§ **Work task**: Give back exactly the stretch of data below from the line holding "qed (auto intro: eqc.sym eqc.trans eqc.cong)" through the line holding "c = (\<lambda>i.", both ends included, and leave the remaining lines out.

§ **Provided entries**:
= Beginning of Section =

(* Let $O=(O_i)_{i\in\overline{\mathbb V}}\in\mathbb R_+^{\overline{\mathbb V}}$ with $O_i=T_i$ for $i\in\partial\mathbb V$, and let $K=(K_i)_{i\in\overline{\mathbb V}}\in\mathbb N_0^{\overline{\mathbb V}}$. Then for every $t\ge0$, $\mathbb E_O\left(\prod_{i\in\overline{\mathbb V}}O_i(t)^{K_i}\right)=\mathbb E_K\left(\prod_{i\in\overline{\mathbb V}}O_i^{K_i(t)}\right),$ where on the left the expectation is over the opinion process $O(t)$ started from $O$ (with $K$ fixed), and on the right over the absorbed discrete KMP process $K(t)$ started from $K$ (with $O$ fixed).
   Context: Graph: $(\overline{\mathbb V},\overline E)$ is a finite oriented graph; $\overline{\mathbb V}=\mathbb V\cup\partial\mathbb V$ (internal and boundary vertices). $E$ is the set of edges with both endpoints in $\mathbb V$, $\partial E$ the set of edges with one endpoint in $\partial\mathbb V$; no edges join two boundary vertices; every boundary edge is written $ij$ with $i\in\mathbb V$, $j\in\partial\mathbb V$; $\overline E=E\cup\partial E$, at most one edge per pair of vertices. Each $j\in\partial\mathbb V$ carries a fixed value $T_j>0$. $\mathbb N_0=\{0,1,2,\dots\}$. Opinion process: Markov process on $\mathbb R_+^{\overline{\mathbb V}}$ with $O_j\equiv T_j$ for $j\in\partial\mathbb V$ and generator $L^Of(O)=\sum_{ij\in\overline E}\int_0^1dv\,[f(H^O_{ij;v}O)-f(O)]$, where $(H^O_{ij;v}O)_\ell=vO_i+(1-v)O_j$ for $\ell\in\{i,j\}\cap\mathbb V$ and $(H^O_{ij;v}O)_\ell=O_\ell$ otherwise. Absorbed discrete KMP process: Markov process on $\mathbb N_0^{\overline{\mathbb V}}$ with generator $L^K_0f(\underline k)=\sum_{ij\in E}\frac1{k_i+k_j+1}\sum_{h=0}^{k_i+k_j}[f(H_{ij;h}\underline k)-f(\underline k)]+\sum_{ij\in\partial E}\frac1{k_i+1}\sum_{h=0}^{k_i}[f(H_{ij;h}\underline k)-f(\underline k)]$, where $(H_{ij;h}\underline k)_i=h$, $(H_{ij;h}\underline k)_j=k_i+k_j-h$, and other coordinates unchanged. *)

theory Defs
  imports "HOL-Analysis.Analysis"
begin
text \<open>A variety is presented by a set of identities Sigma (pairs of well-formed terms);
  the variety is Mod(Sigma).  An identity holds in the variety iff it is an equational
  consequence of Sigma (Birkhoff's completeness theorem); we use the standard rules of
  equational logic.\<close>

definition equational_theory :: "('f \<Rightarrow> nat) \<Rightarrow> ('f trm \<times> 'f trm) set \<Rightarrow> bool" where
  "equational_theory ar \<Sigma> \<longleftrightarrow> (\<forall>(s,t)\<in>\<Sigma>. wf_trm ar s \<and> wf_trm ar t)"

inductive eqc :: "('f \<Rightarrow> nat) \<Rightarrow> ('f trm \<times> 'f trm) set \<Rightarrow> 'f trm \<Rightarrow> 'f trm \<Rightarrow> bool"
  for ar \<Sigma> where
  ax: "(s, t) \<in> \<Sigma> \<Longrightarrow> (\<forall>i. wf_trm ar (\<sigma> i)) \<Longrightarrow> eqc ar \<Sigma> (subst \<sigma> s) (subst \<sigma> t)"
| refl: "wf_trm ar t \<Longrightarrow> eqc ar \<Sigma> t t"
| sym: "eqc ar \<Sigma> s t \<Longrightarrow> eqc ar \<Sigma> t s"
| trans: "eqc ar \<Sigma> s t \<Longrightarrow> eqc ar \<Sigma> t u \<Longrightarrow> eqc ar \<Sigma> s u"
| cong: "length ss = ar f \<Longrightarrow> length ts = length ss \<Longrightarrow>
         (\<forall>i<length ss. eqc ar \<Sigma> (ss ! i) (ts ! i)) \<Longrightarrow> eqc ar \<Sigma> (Fun f ss) (Fun f ts)"

abbreviation "vx \<equiv> Var 0"
abbreviation "vy \<equiv> Var 1"
abbreviation "vz \<equiv> Var 2"
abbreviation "vw \<equiv> Var 3"

definition kary :: "('f \<Rightarrow> nat) \<Rightarrow> nat \<Rightarrow> 'f trm \<Rightarrow> bool" where
  "kary ar k t \<longleftrightarrow> wf_trm ar t \<and> vars_trm t \<subseteq> {..<k}"

definition app3 :: "'f trm \<Rightarrow> 'f trm \<Rightarrow> 'f trm \<Rightarrow> 'f trm \<Rightarrow> 'f trm" where
  "app3 t a b c = subst (\<lambda>i. if i = 0 then a else if i = 1 then b else c) t"

definition app4 :: "'f trm \<Rightarrow> 'f trm \<Rightarrow> 'f trm \<Rightarrow> 'f trm \<Rightarrow> 'f trm \<Rightarrow> 'f trm" where
  "app4 u a b c d = subst (\<lambda>i. if i = 0 then a else if i = 1 then b else if i = 2 then c else d) u"

definition alvin_terms_except ::
  "('f \<Rightarrow> nat) \<Rightarrow> ('f trm \<times> 'f trm) set \<Rightarrow> nat \<Rightarrow> nat set \<Rightarrow> (nat \<Rightarrow> 'f trm) \<Rightarrow> bool" where
  "alvin_terms_except ar \<Sigma> n E t \<longleftrightarrow>
     (\<forall>h\<le>n. kary ar 3 (t h)) \<and>
     eqc ar \<Sigma> (app3 (t 0) vx vy vz) vx \<and>
     eqc ar \<Sigma> (app3 (t n) vx vy vz) vz \<and>
     (\<forall>h\<le>n. h \<notin> E \<longrightarrow> eqc ar \<Sigma> (app3 (t h) vx vy vx) vx) \<and>
     (\<forall>h<n. even h \<longrightarrow> eqc ar \<Sigma> (app3 (t h) vx vz vz) (app3 (t (h+1)) vx vz vz)) \<and>
     (\<forall>h<n. odd h \<longrightarrow> eqc ar \<Sigma> (app3 (t h) vx vx vz) (app3 (t (h+1)) vx vx vz))"

definition n_gumm :: "('f \<Rightarrow> nat) \<Rightarrow> ('f trm \<times> 'f trm) set \<Rightarrow> nat \<Rightarrow> bool" where
  "n_gumm ar \<Sigma> n \<longleftrightarrow> (\<exists>t. alvin_terms_except ar \<Sigma> n {1} t)"

definition dd_alvin :: "('f \<Rightarrow> nat) \<Rightarrow> ('f trm \<times> 'f trm) set \<Rightarrow> nat \<Rightarrow> bool" where
  "dd_alvin ar \<Sigma> n \<longleftrightarrow> (\<exists>t. alvin_terms_except ar \<Sigma> n {1, n - 1} t)"

text \<open>Day terms (rv = False) and reversed Day terms (rv = True).\<close>
definition day_terms ::
  "('f \<Rightarrow> nat) \<Rightarrow> ('f trm \<times> 'f trm) set \<Rightarrow> bool \<Rightarrow> nat \<Rightarrow> (nat \<Rightarrow> 'f trm) \<Rightarrow> bool" where
  "day_terms ar \<Sigma> rv m u \<longleftrightarrow>
     (\<forall>k\<le>m. kary ar 4 (u k)) \<and>
     (\<forall>k\<le>m. eqc ar \<Sigma> (app4 (u k) vx vy vy vx) vx) \<and>
     eqc ar \<Sigma> (app4 (u 0) vx vy vz vw) vx \<and>
     eqc ar \<Sigma> (app4 (u m) vx vy vz vw) vw \<and>
     (\<forall>k<m. (even k \<noteq> rv) \<longrightarrow> eqc ar \<Sigma> (app4 (u k) vx vx vw vw) (app4 (u (k+1)) vx vx vw vw)) \<and>
     (\<forall>k<m. (odd k \<noteq> rv) \<longrightarrow> eqc ar \<Sigma> (app4 (u k) vx vy vy vw) (app4 (u (k+1)) vx vy vy vw))"

definition modular :: "('f \<Rightarrow> nat) \<Rightarrow> ('f trm \<times> 'f trm) set \<Rightarrow> nat \<Rightarrow> bool" where
  "modular ar \<Sigma> m \<longleftrightarrow> (\<exists>u. day_terms ar \<Sigma> False m u)"

definition reversed_modular :: "('f \<Rightarrow> nat) \<Rightarrow> ('f trm \<times> 'f trm) set \<Rightarrow> nat \<Rightarrow> bool" where
  "reversed_modular ar \<Sigma> m \<longleftrightarrow> (\<exists>u. day_terms ar \<Sigma> True m u)"

text \<open>Locally finite: every free algebra on finitely many (k) generators is finite,
  i.e. finitely many k-ary terms modulo the equational theory.\<close>
definition locally_finite :: "('f \<Rightarrow> nat) \<Rightarrow> ('f trm \<times> 'f trm) set \<Rightarrow> bool" where
  "locally_finite ar \<Sigma> \<longleftrightarrow>
     (\<forall>k. finite ((\<lambda>t. {s. kary ar k s \<and> eqc ar \<Sigma> s t}) ` {t. kary ar k t}))"

end

theory Submission
  imports Defs "HOL-Library.FuncSet"
begin

text \<open>Doubly defective alvin terms \<open>t\<^sub>0, \<dots>, t\<^sub>n\<close> yield reversed Day terms
  \<open>u\<^sub>0, \<dots>, u\<^sub>2\<^sub>n\<^sub>-\<^sub>3\<close>: the interior terms are the pairs \<open>t\<^sub>h(x,y,w), t\<^sub>h(x,z,w)\<close>
  for \<open>2 \<le> h \<le> n - 2\<close>, and the ends \<open>t\<^sub>1(x,y,z)\<close>, \<open>t\<^sub>n\<^sub>-\<^sub>1(y,z,w)\<close> satisfy
  \<open>u(x,y,y,x) = x\<close> by \<open>t\<^sub>1(x,y,y) = x\<close> and \<open>t\<^sub>n\<^sub>-\<^sub>1(x,x,y) = y\<close>. Prepending \<open>x\<close> turns reversed Day terms into Day terms.

  For optimality, take the finite algebra \<open>W\<^sub>n\<close> made of a two-element block \<open>{A, B}\<close>, a chain
  \<open>V 0 < \<dots> < V (n - 1)\<close> and a chain \<open>E 1 < \<dots> < E (n - 1)\<close> with an extra element \<open>F\<close>,
  whose operations are Gumm operations. The ternary relation
  \<open>R = {(A, V i, E j) | i \<le> j \<le> i + 1} \<union> {(B, V i, F)}\<close> is compatible with \<open>W\<^sub>n\<close>.
  Evaluating Day terms \<open>u\<^sub>k\<close> on the rows \<open>(A,B,B,A)\<close>, \<open>(V 0, V 0, V (n-1), V (n-1))\<close> and
  \<open>(E 1, F, F, E (n-1))\<close> gives triples \<open>(A, V i\<^sub>k, E j\<^sub>k) \<in> R\<close> where \<open>i\<^sub>k\<close> only changes
  at odd \<open>k\<close> and \<open>j\<^sub>k\<close> only at even \<open>k\<close>. So \<open>i\<^sub>k\<close> grows by at most one every two steps
  and cannot climb from \<open>0\<close> to \<open>n - 1\<close> in \<open>2n - 3\<close> steps.\<close>

section \<open>Substitution and instances of terms\<close>

lemma subst_subst: "subst \<sigma> (subst \<tau> t) = subst (\<lambda>i. subst \<sigma> (\<tau> i)) t"
  by (induction t) auto

lemma subst_Var: "subst Var t = t"
  by (induction t) (auto simp: map_idI)

lemma wf_trm_subst: "wf_trm ar t \<Longrightarrow> (\<And>i. wf_trm ar (\<sigma> i)) \<Longrightarrow> wf_trm ar (subst \<sigma> t)"
  by (induction t) auto

lemma vars_trm_subst: "vars_trm (subst \<sigma> t) = (\<Union>i\<in>vars_trm t. vars_trm (\<sigma> i))"
  by (induction t) auto

lemma eqc_subst:
  assumes "eqc ar \<Sigma> s t" "\<And>i. wf_trm ar (\<sigma> i)"
  shows "eqc ar \<Sigma> (subst \<sigma> s) (subst \<sigma> t)"
  using assms
proof (induction rule: eqc.induct)
  case (ax s t \<tau>)
  have "eqc ar \<Sigma> (subst (\<lambda>i. subst \<sigma> (\<tau> i)) s) (subst (\<lambda>i. subst \<sigma> (\<tau> i)) t)"
    using ax by (intro eqc.ax) (auto intro: wf_trm_subst)
  then show ?case by (simp add: subst_subst)
next
  case (refl t)
  then show ?case by (auto intro: eqc.refl wf_trm_subst)
qed (auto intro: eqc.sym eqc.trans eqc.cong)

lemma eqc_Var [simp]: "eqc ar \<Sigma> (Var i) (Var i)"
  by (simp add: eqc.refl)

definition args3 :: "'a \<Rightarrow> 'a \<Rightarrow> 'a \<Rightarrow> nat \<Rightarrow> 'a" where
  "args3 a b c = (\<lambda>i. if i = 0 then a else if i = 1 then b else c)"

definition args4 :: "'a \<Rightarrow> 'a \<Rightarrow> 'a \<Rightarrow> 'a \<Rightarrow> nat \<Rightarrow> 'a" where
  "args4 a b c d = (\<lambda>i. if i = 0 then a else if i = 1 then b else if i = 2 then c else d)"

lemma app3_eq_subst: "app3 T a b c = subst (args3 a b c) T"
  by (simp add: app3_def args3_def)

lemma app4_eq_subst: "app4 T a b c d = subst (args4 a b c d) T"
  by (simp add: app4_def args4_def)

lemma app3_Var [simp]: "app3 (Var i) a b c = (if i = 0 then a else if i = 1 then b else c)"
  by (simp add: app3_def)

lemma app4_Var [simp]:
  "app4 (Var i) a b c d = (if i = 0 then a else if i = 1 then b else if i = 2 then c else d)"
  by (simp add: app4_def)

= End of Section =

§ **Exercise solution**:
qed (auto intro: eqc.sym eqc.trans eqc.cong)

lemma eqc_Var [simp]: "eqc ar \<Sigma> (Var i) (Var i)"
  by (simp add: eqc.refl)

definition args3 :: "'a \<Rightarrow> 'a \<Rightarrow> 'a \<Rightarrow> nat \<Rightarrow> 'a" where
  "args3 a b c = (\<lambda>i. if i = 0 then a else if i = 1 then b else c)"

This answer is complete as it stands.